The existence of a functioning market economy

The existence of a functioning market economy requires that prices, as well as trade, are liberalised and that an enforceable legal system, including property rights, is in place. Macroeconomic stability and consensus about economic policy enhance the performance of a market economy. A well-developed financial sector and the absence of any significant barriers to market entry and exit improve the efficiency of the economy.

The governments since 1997 have been able to maintain a general consensus about economic policy priorities in the framework of EU accession. However, there have been different views on the speed and sequencing of the economic reform path. These different views have at no point put into question the overall commitment to EU accession. Policy co-ordination between the government and the Czech National Bank (CNB) has broadly worked well and the independence of the CNB has finally been enshrined with the amendment of the Act on the CNB in 2002. The Czech Republic has participated in the pre-accession Fiscal Surveillance. At the end of August 2002, it submitted its latest pre-accession Economic Programme, which was adopted by the government on 28 August 2002.

Average growth of 1.1% over the period has been composed by two years of contraction in 1997 and 1998 and a subsequent recovery. Macroeconomic stability has been regained. Prior to the recovery, the economy had to go through its first post-transition crisis which was provoked by macroeconomic imbalances coupled with substantial shortcomings on the microeconomic reform agenda. The implementation of an austerity package consisting of tight fiscal and monetary policies led to an output decline in 1997 and 1998, but adjusted economic fundamentals subsequently improved the conditions for growth. Since 1999, the economy has been recovering again with average growth of 2.4% since then. First, the economic pick up was driven by external demand and -- to a lesser extent -- by private consumption while fixed investment was still declining. With growth prospects improving on the back of an increasingly stable macroeconomic environment and attractive investment incentives, fixed investment has since been boosted. This has been supported by very high foreign direct investment. Domestic demand has become the driving force of economic growth, a development which has cushioned the impact of the 2001 economic slowdown in the EU. In 2001, GDP increased at the same growth rate of 3.3% as in the previous year, though with a clear deceleration over the course of the year. Fixed investment grew by a substantial 7.2% and household consumption by 3.9%. External trade contributed negatively to growth as imports grew faster than exports. The performance in the first quarter in 2002 has extended the slowdown of GDP growth. The growth rate reached 2.5% year-on-year with household consumption increasing by 4.1% and fixed investment 8.1%. It is worth noting, that the growth in fixed investment was strongly pushed up by sizeable investment expenditures by the Czech army.
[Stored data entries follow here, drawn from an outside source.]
lemma sset_acyclic_dmcyl:
  assumes "sset_acyclic Y" "sset_acyclic Z"
  shows "sset_acyclic (dmcyl_sset X Y Z f g)"
  unfolding dmcyl_sset_eq_quot
proof (rule sset_acyclic_quot[where \<phi> = "cyl_collapse f g", OF _ _ collapse_edge])
  show "acyclic (ordinal_sum_rel (graph_rel Y) (graph_rel Z))"
    using assms by (simp add: acyclic_ordinal_sum_rel sset_acyclic_iff_acyclic)
qed (auto simp: cyl_glue_def cyl_collapse_def)

end

section \<open>Filtered colimits\<close>

definition colim_rel :: "('o, 'm) small_cat \<Rightarrow> ('o \<Rightarrow> 'a sset) \<Rightarrow> ('m \<Rightarrow> nat \<Rightarrow> 'a \<Rightarrow> 'a) \<Rightarrow> nat
    \<Rightarrow> (('o \<times> 'a) \<times> ('o \<times> 'a)) set" where
  "colim_rel C D F n =
     {((c_dom C u, x), (c_cod C u, F u n x)) | u x. u \<in> c_arr C \<and> x \<in> cells (D (c_dom C u)) n}"

lemma colim_sset_eq_quot: "colim_sset C D F = quot_sset (coprod_sset (c_obj C) D) (colim_rel C D F)"
  unfolding colim_sset_def colim_rel_def ..

locale filtered_diagram =
  fixes C :: "('o, 'm) small_cat" and D :: "'o \<Rightarrow> 'a sset" and F :: "'m \<Rightarrow> nat \<Rightarrow> 'a \<Rightarrow> 'a"
  assumes cat: "is_cat C" and filtered: "filtered_cat C" and diagram: "sset_diagram C D F"
begin

lemma dom_in_obj: "u \<in> c_arr C \<Longrightarrow> c_dom C u \<in> c_obj C"
  and cod_in_obj: "u \<in> c_arr C \<Longrightarrow> c_cod C u \<in> c_obj C"
  using cat unfolding is_cat_def by blast+

lemma id_arr: "i \<in> c_obj C \<Longrightarrow> c_id C i \<in> c_arr C \<and> c_dom C (c_id C i) = i \<and> c_cod C (c_id C i) = i"
  using cat unfolding is_cat_def by blast

lemma comp_arr: "u \<in> c_arr C \<Longrightarrow> v \<in> c_arr C \<Longrightarrow> c_cod C u = c_dom C v \<Longrightarrow>
    c_comp C v u \<in> c_arr C \<and> c_dom C (c_comp C v u) = c_dom C u \<and> c_cod C (c_comp C v u) = c_cod C v"
  using cat unfolding is_cat_def by blast

lemma comp_assoc: "u \<in> c_arr C \<Longrightarrow> v \<in> c_arr C \<Longrightarrow> w \<in> c_arr C \<Longrightarrow> c_cod C u = c_dom C v \<Longrightarrow>
    c_cod C v = c_dom C w \<Longrightarrow> c_comp C w (c_comp C v u) = c_comp C (c_comp C w v) u"
  using cat unfolding is_cat_def by blast

lemma sset_D: "i \<in> c_obj C \<Longrightarrow> is_sset (D i)"
  using diagram unfolding sset_diagram_def by blast

lemma hom_F: "u \<in> c_arr C \<Longrightarrow> sset_hom (D (c_dom C u)) (D (c_cod C u)) (F u)"
  using diagram unfolding sset_diagram_def by blast

lemma F_cells: "u \<in> c_arr C \<Longrightarrow> x \<in> cells (D (c_dom C u)) n \<Longrightarrow> F u n x \<in> cells (D (c_cod C u)) n"
  using hom_F unfolding sset_hom_def by blast

lemma F_act: "u \<in> c_arr C \<Longrightarrow> mono_map m n \<theta> \<Longrightarrow> x \<in> cells (D (c_dom C u)) n \<Longrightarrow>
    F u m (act (D (c_dom C u)) n \<theta> x) = act (D (c_cod C u)) n \<theta> (F u n x)"
  using hom_F unfolding sset_hom_def by blast

lemma F_id: "i \<in> c_obj C \<Longrightarrow> x \<in> cells (D i) n \<Longrightarrow> F (c_id C i) n x = x"
  using diagram unfolding sset_diagram_def by blast

lemma F_comp: "u \<in> c_arr C \<Longrightarrow> v \<in> c_arr C \<Longrightarrow> c_cod C u = c_dom C v \<Longrightarrow>
    x \<in> cells (D (c_dom C u)) n \<Longrightarrow> F (c_comp C v u) n x = F v n (F u n x)"
  using diagram unfolding sset_diagram_def by blast

lemma filtered_coequalize: "u \<in> c_arr C \<Longrightarrow> v \<in> c_arr C \<Longrightarrow> c_dom C u = c_dom C v \<Longrightarrow>
    c_cod C u = c_cod C v \<Longrightarrow> \<exists>w\<in>c_arr C. c_dom C w = c_cod C u \<and> c_comp C w u = c_comp C w v"
  using filtered unfolding filtered_cat_def by blast

lemma filtered_complete_span:
  assumes "u \<in> c_arr C" "v \<in> c_arr C" "c_dom C u = c_dom C v"
  obtains a b where "a \<in> c_arr C" "b \<in> c_arr C" "c_dom C a = c_cod C u" "c_dom C b = c_cod C v"
    "c_cod C a = c_cod C b" "c_comp C a u = c_comp C b v"
proof -
  obtain a b where ab: "a \<in> c_arr C" "b \<in> c_arr C" "c_dom C a = c_cod C u" "c_dom C b = c_cod C v"
    "c_cod C a = c_cod C b"
    using filtered cod_in_obj[OF assms(1)] cod_in_obj[OF assms(2)] unfolding filtered_cat_def by metis
  obtain w where w: "w \<in> c_arr C" "c_dom C w = c_cod C a" "c_comp C w (c_comp C a u) = c_comp C w (c_comp C b v)"
    using filtered_coequalize[of "c_comp C a u" "c_comp C b v"] comp_arr[OF assms(1) ab(1)]
      comp_arr[OF assms(2) ab(2)] ab assms(3) by auto
  show thesis
  proof (rule that[of "c_comp C w a" "c_comp C w b"])
    show "c_comp C (c_comp C w a) u = c_comp C (c_comp C w b) v"
      using w(3) comp_assoc[OF assms(1) ab(1) w(1)] comp_assoc[OF assms(2) ab(2) w(1)] ab w(2) by simp
  qed (use comp_arr[OF ab(1) w(1)] comp_arr[OF ab(2) w(1)] ab w in auto)
qed

abbreviation W :: "('o \<times> 'a) sset" where
  "W \<equiv> coprod_sset (c_obj C) D"

lemma cells_W: "cells W n = Sigma (c_obj C) (\<lambda>i. cells (D i) n)"
  by (simp add: coprod_sset_def)

lemma act_W [simp]: "act W n \<theta> (i, x) = (i, act (D i) n \<theta> x)"
  by (simp add: coprod_sset_def)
Exports and imports both grew at the same rate of 3.1%.

In August 2002, the Czech Republic was seriously hit by devastating floods. Preliminarily, the damage has been estimated to amount up to CZK 100 billion (EUR 3.3 billion). While most of the damage has to be covered by private households and insurance companies, public finances will also be affected by necessary contributions to flood relief. The overall economic impact of the flood cannot yet be assessed but it is likely to slow down economic growth in 2002.
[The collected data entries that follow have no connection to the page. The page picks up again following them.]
(* Let $t(\lambda_-)=u\,s_{\ell_1}\cdots s_{\ell_L}$ be the reduced expression determined by the order $\prec'$ as described in the context, and let $M=\ell(v(\lambda_-))$. Then $u\,s_{\ell_{M+1}}\cdots s_{\ell_L}$ is a reduced expression for $m_\lambda$, the shortest element of the coset $t(\lambda)W$. Moreover, if for $1\le k\le M$ we write $u s_{\ell_k}=s_{i'_k}u$, then $i'_k=i_k$, where $w_\circ=s_{i_1}\cdots s_{i_N}$ is the fixed reduced expression.
   Context: Setting: $\mathfrak g$ finite-dimensional simple Lie algebra, simple roots $\{\alpha_i\}_{i\in I}$, simple coroots $\{\alpha_i^\vee\}$, roots $\Delta=\Delta^+\sqcup\Delta^-$, weights $P$, dominant weights $P^+$, Weyl group $W$, longest element $w_\circ$. For $\lambda\in P^+$: $S=\{i:\langle\lambda,\alpha_i^\vee\rangle=0\}$, $W_S=\langle s_i:i\in S\rangle$ with longest element $w_\circ^S$, $\Delta^+_S$ the positive roots in $\sum_{i\in S}\mathbb Z\alpha_i$; $\lambda_-=w_\circ\lambda$; $v(\lambda_-)$ the minimal-length element of $\{x\in W: x\lambda=\lambda_-\}$, so $w_\circ=v(\lambda_-)w_\circ^S$ with lengths adding. Fix reduced expressions $v(\lambda_-)=s_{i_1}\cdots s_{i_M}$ and $w_\circ^S=s_{i_{M+1}}\cdots s_{i_N}$, so $w_\circ=s_{i_1}\cdots s_{i_N}$ is reduced; put $\beta_j=s_{i_N}\cdots s_{i_{j+1}}\alpha_{i_j}$; then $\Delta^+\setminus\Delta^+_S=\{\beta_1,\dots,\beta_M\}$, $\Delta^+_S=\{\beta_{M+1},\dots,\beta_N\}$, and the total order $\prec$ on $\Delta^+$ is $\beta_1\succ\beta_2\succ\dots\succ\beta_N$. Affine: real roots of the untwisted affinization of the dual root system $\widetilde\Delta_{\rm aff}=\{\alpha^\vee+a\tilde\delta\}$, positive ones $\widetilde\Delta^+_{\rm aff}$ ($a>0$, or $a=0,\alpha\in\Delta^+$), $\widetilde\Delta^-_{\rm aff}=-\widetilde\Delta^+_{\rm aff}$; simple roots $\alpha_i^\vee$ ($i\in I$), $\alpha_0^\vee=\tilde\delta-\varphi^\vee$ ($\varphi$ highest short root), $I_{\rm aff}=I\sqcup\{0\}$; $\beta=\bar\beta+\deg(\beta)\tilde\delta$. $W_{\rm ext}=t(P)\rtimes W$ acting by $v\,t(\nu)(\bar\beta+r\tilde\delta)=v\bar\beta+(r-\langle\nu,\bar\beta\rangle)\tilde\delta$; $\ell(x)=\#(\widetilde\Delta^+_{\rm aff}\cap x^{-1}\widetilde\Delta^-_{\rm aff})$; $\Omega$ the length-zero elements; $W_{\rm ext}=\Omega\ltimes\langle s_i:i\in I_{\rm aff}\rangle$. The map $\Phi:\widetilde\Delta^+_{\rm aff}\cap t(\lambda_-)^{-1}\widetilde\Delta^-_{\rm aff}\to\mathbb Q_{\ge0}\times(\Delta^+\setminus\Delta^+_S)$, $\Phi(\beta)=\Big(\frac{\langle\lambda_-,\bar\beta\rangle-\deg(\beta)}{\langle\lambda_-,\bar\beta\rangle},\,w_\circ(\bar\beta)^\vee\Big)$ (where $(\alpha^\vee)^\vee=\alpha$) is injective. Order the target lexicographically: $(a,\alpha)<(b,\beta)$ iff $a<b$, or $a=b$ and $\alpha\succ\beta$; $\prec'$ is the pullback order. The reduced expression $t(\lambda_-)=u\,s_{\ell_1}\cdots s_{\ell_L}$ ($u\in\Omega$, $\ell_k\in I_{\rm aff}$) is the unique one with $\tilde\beta_j:=s_{\ell_L}\cdots s_{\ell_{j+1}}\alpha^\vee_{\ell_j}$ satisfying $\tilde\beta_1\prec'\dots\prec'\tilde\beta_L$ exhausting $\widetilde\Delta^+_{\rm aff}\cap t(\lambda_-)^{-1}\widetilde\Delta^-_{\rm aff}$. *)

theory Defs
  imports "HOL-Analysis.Analysis"
begin

definition coroot :: "'a::euclidean_space \<Rightarrow> 'a" where
  "coroot \<alpha> = (2 / (\<alpha> \<bullet> \<alpha>)) *\<^sub>R \<alpha>"

definition refl :: "'a::euclidean_space \<Rightarrow> 'a \<Rightarrow> 'a" where
  "refl \<alpha> x = x - (x \<bullet> coroot \<alpha>) *\<^sub>R \<alpha>"

definition root_system :: "'a::euclidean_space set \<Rightarrow> bool" where
  "root_system R \<longleftrightarrow> finite R \<and> 0 \<notin> R \<and> span R = UNIV \<and>
     (\<forall>\<alpha>\<in>R. \<forall>\<beta>\<in>R. refl \<alpha> \<beta> \<in> R) \<and>
     (\<forall>\<alpha>\<in>R. \<forall>\<beta>\<in>R. \<beta> \<bullet> coroot \<alpha> \<in> \<int>) \<and>
     (\<forall>\<alpha>\<in>R. \<forall>c::real. c *\<^sub>R \<alpha> \<in> R \<longrightarrow> c = 1 \<or> c = -1)"

definition irreducible_rs :: "'a::euclidean_space set \<Rightarrow> bool" where
  "irreducible_rs R \<longleftrightarrow> \<not> (\<exists>A B. A \<noteq> {} \<and> B \<noteq> {} \<and> A \<union> B = R \<and> A \<inter> B = {} \<and>
       (\<forall>\<alpha>\<in>A. \<forall>\<beta>\<in>B. \<alpha> \<bullet> \<beta> = 0))"

definition nonneg_comb :: "('i::finite \<Rightarrow> 'a::euclidean_space) \<Rightarrow> 'a \<Rightarrow> bool" where
  "nonneg_comb simple x \<longleftrightarrow> (\<exists>c::'i \<Rightarrow> nat. x = (\<Sum>i\<in>UNIV. real (c i) *\<^sub>R simple i))"

definition pos_roots :: "'a::euclidean_space set \<Rightarrow> ('i::finite \<Rightarrow> 'a) \<Rightarrow> 'a set" where
  "pos_roots R simple = {\<alpha> \<in> R. nonneg_comb simple \<alpha>}"

definition simple_system :: "'a::euclidean_space set \<Rightarrow> ('i::finite \<Rightarrow> 'a) \<Rightarrow> bool" where
  "simple_system R simple \<longleftrightarrow> inj simple \<and> range simple \<subseteq> R \<and> independent (range simple) \<and>
     (\<forall>\<alpha>\<in>R. \<alpha> \<in> pos_roots R simple \<or> - \<alpha> \<in> pos_roots R simple)"

definition highest_short_root :: "'a::euclidean_space set \<Rightarrow> ('i::finite \<Rightarrow> 'a) \<Rightarrow> 'a \<Rightarrow> bool" where
  "highest_short_root R simple \<phi> \<longleftrightarrow> \<phi> \<in> R \<and> (\<forall>\<beta>\<in>R. \<phi> \<bullet> \<phi> \<le> \<beta> \<bullet> \<beta>) \<and>
     (\<forall>\<beta>\<in>R. \<beta> \<bullet> \<beta> = \<phi> \<bullet> \<phi> \<longrightarrow> nonneg_comb simple (\<phi> - \<beta>))"

definition weights :: "'a::euclidean_space set \<Rightarrow> 'a set" where
  "weights R = {\<nu>. \<forall>\<alpha>\<in>R. \<nu> \<bullet> coroot \<alpha> \<in> \<int>}"

definition dominant_weights :: "'a::euclidean_space set \<Rightarrow> ('i::finite \<Rightarrow> 'a) \<Rightarrow> 'a set" where
  "dominant_weights R simple = {lam \<in> weights R. \<forall>i. lam \<bullet> coroot (simple i) \<ge> 0}"

definition word :: "('i \<Rightarrow> 'a::euclidean_space) \<Rightarrow> 'i list \<Rightarrow> 'a \<Rightarrow> 'a" where
  "word simple ws = foldr (\<lambda>i f. refl (simple i) \<circ> f) ws id"

definition weyl :: "('i \<Rightarrow> 'a::euclidean_space) \<Rightarrow> ('a \<Rightarrow> 'a) set" where
  "weyl simple = {word simple ws | ws. True}"

definition weyl_sub :: "('i \<Rightarrow> 'a::euclidean_space) \<Rightarrow> 'i set \<Rightarrow> ('a \<Rightarrow> 'a) set" where
  "weyl_sub simple S = {word simple ws | ws. set ws \<subseteq> S}"

definition wlen :: "('i \<Rightarrow> 'a::euclidean_space) \<Rightarrow> ('a \<Rightarrow> 'a) \<Rightarrow> nat" where
  "wlen simple w = (LEAST n. \<exists>ws. length ws = n \<and> word simple ws = w)"

definition is_longest :: "('i \<Rightarrow> 'a::euclidean_space) \<Rightarrow> ('a \<Rightarrow> 'a) set \<Rightarrow> ('a \<Rightarrow> 'a) \<Rightarrow> bool" where
  "is_longest simple G w \<longleftrightarrow> w \<in> G \<and> (\<forall>y\<in>G. wlen simple y \<le> wlen simple w)"

definition reduced_word :: "('i \<Rightarrow> 'a::euclidean_space) \<Rightarrow> 'i list \<Rightarrow> bool" where
  "reduced_word simple ws \<longleftrightarrow> length ws = wlen simple (word simple ws)"

text \<open>beta_j = s_{i_N} ... s_{i_{j+1}} alpha_{i_j}, listed for j = 1..N (0-based list).\<close>
definition fin_betas :: "('i \<Rightarrow> 'a::euclidean_space) \<Rightarrow> 'i list \<Rightarrow> 'a list" where
  "fin_betas simple ws =
     map (\<lambda>j. word simple (rev (drop (Suc j) ws)) (simple (ws ! j))) [0..<length ws]"

text \<open>alpha succ beta in the total order: beta_1 succ beta_2 succ ... succ beta_N.\<close>
definition fin_succ :: "('i \<Rightarrow> 'a::euclidean_space) \<Rightarrow> 'i list \<Rightarrow> 'a \<Rightarrow> 'a \<Rightarrow> bool" where
  "fin_succ simple ws \<alpha> \<beta> \<longleftrightarrow>
     (\<exists>j k. j < k \<and> k < length ws \<and> fin_betas simple ws ! j = \<alpha> \<and> fin_betas simple ws ! k = \<beta>)"

text \<open>An affine root alpha^vee + a delta is represented as the pair (coroot alpha, a).\<close>
definition aff_roots :: "'a::euclidean_space set \<Rightarrow> ('a \<times> real) set" where
  "aff_roots R = {(coroot \<alpha>, of_int a) | \<alpha> a. \<alpha> \<in> R}"

definition aff_pos :: "'a::euclidean_space set \<Rightarrow> ('i::finite \<Rightarrow> 'a) \<Rightarrow> ('a \<times> real) set" where
  "aff_pos R simple = {(coroot \<alpha>, of_int a) | \<alpha> a. \<alpha> \<in> R \<and>
       (a > 0 \<or> (a = 0 \<and> \<alpha> \<in> pos_roots R simple))}"

definition aff_neg :: "'a::euclidean_space set \<Rightarrow> ('i::finite \<Rightarrow> 'a) \<Rightarrow> ('a \<times> real) set" where
  "aff_neg R simple = uminus ` aff_pos R simple"

text \<open>The element v t(nu), via its action
  v t(nu)(x + r delta) = v x + (r - <nu, x>) delta.\<close>
definition ext_elt :: "('a::euclidean_space \<Rightarrow> 'a) \<Rightarrow> 'a \<Rightarrow> ('a \<times> real \<Rightarrow> 'a \<times> real)" where
  "ext_elt v \<nu> = (\<lambda>(x, r). (v x, r - \<nu> \<bullet> x))"

definition transl :: "'a::euclidean_space \<Rightarrow> ('a \<times> real \<Rightarrow> 'a \<times> real)" where
  "transl \<nu> = ext_elt id \<nu>"

definition ext_weyl :: "'a::euclidean_space set \<Rightarrow> ('i \<Rightarrow> 'a) \<Rightarrow> ('a \<times> real \<Rightarrow> 'a \<times> real) set" where
  "ext_weyl R simple = {ext_elt v \<nu> | v \<nu>. v \<in> weyl simple \<and> \<nu> \<in> weights R}"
The current account deficit averaged 4.1% of GDP between 1997 and 2001. Since 1998, the deficits have been financed by high inflows of foreign direct investment. In 1996/1997, the economy was confronted with unsustainable current account deficits due to soaring deficits in foreign trade. The implementation of the austerity measures in 1997 led to a temporary sharp deceleration of imports. With the economy recovering since 1999, the trade and current account deficits have widened again. However, the trade deficits have been dominated by investment good imports and there is no indication so far that consumer goods imports are getting out of hand. In 2001, the trade balance recorded a deficit of 5.5% of GDP and the current account deficit ended up at 4.7% of GDP. The deficit was easily financed by a financial account surplus. In the first quarter of 2002, the trade balance posted an estimated deficit of 4.6% of GDP and the current account deficit reached 4.2% of GDP.
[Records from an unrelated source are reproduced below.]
(* Let $G$ be a $(C_4,\text{diamond})$-free graph and $1\le k\le |V(G)|-1$. Let $e=ab$ be an edge of $G$ such that $G\setminus\{a,b\}$ is connected. Then the set of edges $AB$ of $F_k(G)$ with $A\triangle B=\{a,b\}$ forms a ladder class of $F_k(G)$.
   Context: $F_k(G)$ is the graph on the $k$-subsets of $V(G)$ with $A,B$ adjacent iff $A\triangle B$ is an edge of $G$. A diamond is $K_4$ minus an edge; $(C_4,\text{diamond})$-free means no induced $4$-cycle and no induced diamond. A ladder is a graph isomorphic to $K_2\square P_m$, $m\ge1$ (with $K_2$ on $\{x,y\}$ and $P_m$ the path $v_1\cdots v_{m+1}$); for $m\ge2$ its rungs are the edges $(x,v_i)(y,v_i)$, and for $m=1$ the rungs may be either pair of disjoint edges. Two edges of a graph $F$ are connected by a ladder if some induced subgraph of $F$ isomorphic to a ladder has them as rungs; the ladder classes are the equivalence classes of the (smallest equivalence relation containing) this relation on $E(F)$. *)

theory Defs
  imports Main
begin

definition simple_graph :: "'a set \<Rightarrow> 'a set set \<Rightarrow> bool" where
  "simple_graph V E \<longleftrightarrow> finite V \<and> (\<forall>e\<in>E. e \<subseteq> V \<and> card e = 2)"

definition symdiff :: "'a set \<Rightarrow> 'a set \<Rightarrow> 'a set" where
  "symdiff A B = (A - B) \<union> (B - A)"

definition token_V :: "'a set \<Rightarrow> nat \<Rightarrow> 'a set set" where
  "token_V V k = {A. A \<subseteq> V \<and> card A = k}"

definition token_E :: "'a set \<Rightarrow> 'a set set \<Rightarrow> nat \<Rightarrow> 'a set set set" where
  "token_E V E k = {{A, B} | A B. A \<in> token_V V k \<and> B \<in> token_V V k \<and> symdiff A B \<in> E}"

definition induced_E :: "'a set set \<Rightarrow> 'a set \<Rightarrow> 'a set set" where
  "induced_E E S = {e \<in> E. e \<subseteq> S}"

definition connected_graph :: "'a set \<Rightarrow> 'a set set \<Rightarrow> bool" where
  "connected_graph V E \<longleftrightarrow>
     (\<forall>u\<in>V. \<forall>v\<in>V. (u, v) \<in> {(x, y). {x, y} \<in> E}\<^sup>*)"

definition C4_free :: "'a set \<Rightarrow> 'a set set \<Rightarrow> bool" where
  "C4_free V E \<longleftrightarrow> \<not> (\<exists>a\<in>V. \<exists>b\<in>V. \<exists>c\<in>V. \<exists>d\<in>V. distinct [a, b, c, d] \<and>
      {a, b} \<in> E \<and> {b, c} \<in> E \<and> {c, d} \<in> E \<and> {d, a} \<in> E \<and>
      {a, c} \<notin> E \<and> {b, d} \<notin> E)"

definition diamond_free :: "'a set \<Rightarrow> 'a set set \<Rightarrow> bool" where
  "diamond_free V E \<longleftrightarrow> \<not> (\<exists>a\<in>V. \<exists>b\<in>V. \<exists>c\<in>V. \<exists>d\<in>V. distinct [a, b, c, d] \<and>
      {a, b} \<in> E \<and> {b, c} \<in> E \<and> {c, d} \<in> E \<and> {d, a} \<in> E \<and>
      {a, c} \<in> E \<and> {b, d} \<notin> E)"

(* Ladder K_2 \<box> P_m: vertices (s, i) with s :: bool (the K_2 = {x,y}), 0 \<le> i \<le> m
   (path v_0 ... v_m, i.e. m+1 vertices). *)
definition ladder_verts :: "nat \<Rightarrow> (bool \<times> nat) set" where
  "ladder_verts m = UNIV \<times> {0..m}"

definition ladder_adj :: "(bool \<times> nat) \<Rightarrow> (bool \<times> nat) \<Rightarrow> bool" where
  "ladder_adj u v \<longleftrightarrow> (snd u = snd v \<and> fst u \<noteq> fst v) \<or>
                       (fst u = fst v \<and> (snd v = Suc (snd u) \<or> snd u = Suc (snd v)))"

definition induced_ladder :: "'a set \<Rightarrow> 'a set set \<Rightarrow> nat \<Rightarrow> (bool \<times> nat \<Rightarrow> 'a) \<Rightarrow> bool" where
  "induced_ladder V E m \<phi> \<longleftrightarrow> 1 \<le> m \<and> inj_on \<phi> (ladder_verts m) \<and> \<phi> ` ladder_verts m \<subseteq> V \<and>
     (\<forall>u\<in>ladder_verts m. \<forall>v\<in>ladder_verts m. {\<phi> u, \<phi> v} \<in> E \<longleftrightarrow> ladder_adj u v)"

definition ladder_rungs :: "nat \<Rightarrow> (bool \<times> nat \<Rightarrow> 'a) \<Rightarrow> 'a set set" where
  "ladder_rungs m \<phi> = {{\<phi> (False, i), \<phi> (True, i)} | i. i \<le> m}"

(* for m = 1 the alternative choice of rungs: the other pair of disjoint edges of the 4-cycle *)
definition ladder_alt_rungs :: "(bool \<times> nat \<Rightarrow> 'a) \<Rightarrow> 'a set set" where
  "ladder_alt_rungs \<phi> = {{\<phi> (False, 0), \<phi> (False, 1)}, {\<phi> (True, 0), \<phi> (True, 1)}}"

definition connected_by_ladder :: "'a set \<Rightarrow> 'a set set \<Rightarrow> 'a set \<Rightarrow> 'a set \<Rightarrow> bool" where
  "connected_by_ladder V E e1 e2 \<longleftrightarrow>
     (\<exists>m \<phi>. induced_ladder V E m \<phi> \<and>
        ((e1 \<in> ladder_rungs m \<phi> \<and> e2 \<in> ladder_rungs m \<phi>) \<or>
         (m = 1 \<and> e1 \<in> ladder_alt_rungs \<phi> \<and> e2 \<in> ladder_alt_rungs \<phi>)))"

definition ladder_rel :: "'a set \<Rightarrow> 'a set set \<Rightarrow> ('a set \<times> 'a set) set" where
  "ladder_rel V E = {(e1, e2). e1 \<in> E \<and> e2 \<in> E \<and> connected_by_ladder V E e1 e2}"

definition ladder_equiv :: "'a set \<Rightarrow> 'a set set \<Rightarrow> ('a set \<times> 'a set) set" where
  "ladder_equiv V E = Id_on E \<union> (ladder_rel V E \<union> (ladder_rel V E)\<inverse>)\<^sup>+"

definition ladder_classes :: "'a set \<Rightarrow> 'a set set \<Rightarrow> 'a set set set" where
  "ladder_classes V E = E // ladder_equiv V E"

end

theory Submission
  imports Defs
begin

text \<open>
  An edge {A, B} of \<open>F\<^sub>k(G)\<close> moves one token along the edge \<open>A \<triangle> B\<close> of G. As G is
  (C4, diamond)-free, every 4-cycle of G has both chords, and from this one checks that opposite
  edges of an induced 4-cycle of \<open>F\<^sub>k(G)\<close> move tokens along the same edge of G. Consecutive rungs
  of an induced ladder span such 4-cycles, so all edges of a ladder class move along one edge of G.

  Conversely, the edges moving along ab are exactly the edges {X + a, X + b} for the (k-1)-subsets X
  of V - {a, b}. A token move from X to Y along an edge of G - {a, b} makes X + a, X + b, Y + b, Y + a
  an induced 4-cycle, i.e. a ladder whose rungs are the two lifted edges. Since G - {a, b} is
  connected, so is its token graph \<open>F\<^sub>k\<^sub>-\<^sub>1\<close>, and all these edges lie in one ladder class.
\<close>

lemma symdiff_commute: "symdiff A B = symdiff B A"
  unfolding symdiff_def by auto

lemma symdiff_symdiff_cancel: "symdiff (symdiff A B) (symdiff B C) = symdiff A C"
  unfolding symdiff_def by auto

lemma symdiff_self: "symdiff A A = {}"
  unfolding symdiff_def by auto

lemma symdiff_eq_empty_iff: "symdiff A B = {} \<longleftrightarrow> A = B"
  unfolding symdiff_def by auto

lemma symdiff_insert_insert:
  assumes "a \<notin> X" "a \<notin> Y" "b \<notin> X" "b \<notin> Y"
  shows "symdiff (insert a X) (insert b Y) = (if a = b then {} else {a, b}) \<union> symdiff X Y"
  using assms unfolding symdiff_def by auto

lemma symdiff_nonempty_neq: "symdiff A B \<noteq> {} \<Longrightarrow> A \<noteq> B"
  by (auto simp: symdiff_self)

lemma symdiff_eq_doubletonE:
  assumes "finite A" "finite B" "card A = card B" "symdiff A B = {s, r}" "s \<noteq> r" "s \<in> A"
  obtains C where "A = insert s C" "B = insert r C" "s \<notin> C" "r \<notin> C"
proof -
  have card_diff: "card (A - B) = card (B - A)"
    using assms(1-3) by (simp add: card_Diff_subset_Int Int_commute)
  have "r \<notin> A"
  proof
    assume "r \<in> A"
    then have "A - B = {s, r}" "B - A = {}"
      using assms(4,6) unfolding symdiff_def by blast+
    then have "card {s, r} = 0" using card_diff by (metis card.empty)
    then show False using assms(5) by simp
  qed
  then have "A = insert s (A \<inter> B)" "B = insert r (A \<inter> B)" "s \<notin> A \<inter> B" "r \<notin> A \<inter> B"
    using assms(4,6) unfolding symdiff_def by blast+
  then show ?thesis by (rule that)
qed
Unemployment remains high due to restructuring and structural mismatches on the labour market. The unemployment rate (labour force survey data) has more than doubled, from 4.3% in 1997 to 8.8% in 2000. Its decrease to 8% in 2001 appears to be in particular the result of an amendment to the Labour Code limiting overtime work. The unemployment rate reflects the impact of the 1997 crisis and subsequent economic restructuring which only started at a late stage in the transition process. Employment fell in each year between 1997 and 2000, amounting to a cumulative loss of employment of nearly 5% during that period. Only in 2001 was a small rise in employment of 0.3% registered. Though the adjustment process has been accompanied by accelerating investment and new employment opportunities, these have not been able to compensate for the job losses. The composition of unemployment reveals the structural shortcomings in the labour markets. Workers in sectors undergoing restructuring find it difficult to move to other sectors or regions with a higher growth potential since flexibility and mobility are hampered by deficiencies in re-qualification and the scarcity of affordable housing in more prosperous regions. In certain circumstances, the social benefit system may work as an disincentive to take up work. Hence, while some regions and sectors suffer from high and even increasing unemployment, others are reporting the first signs of shortages in the skilled labour force.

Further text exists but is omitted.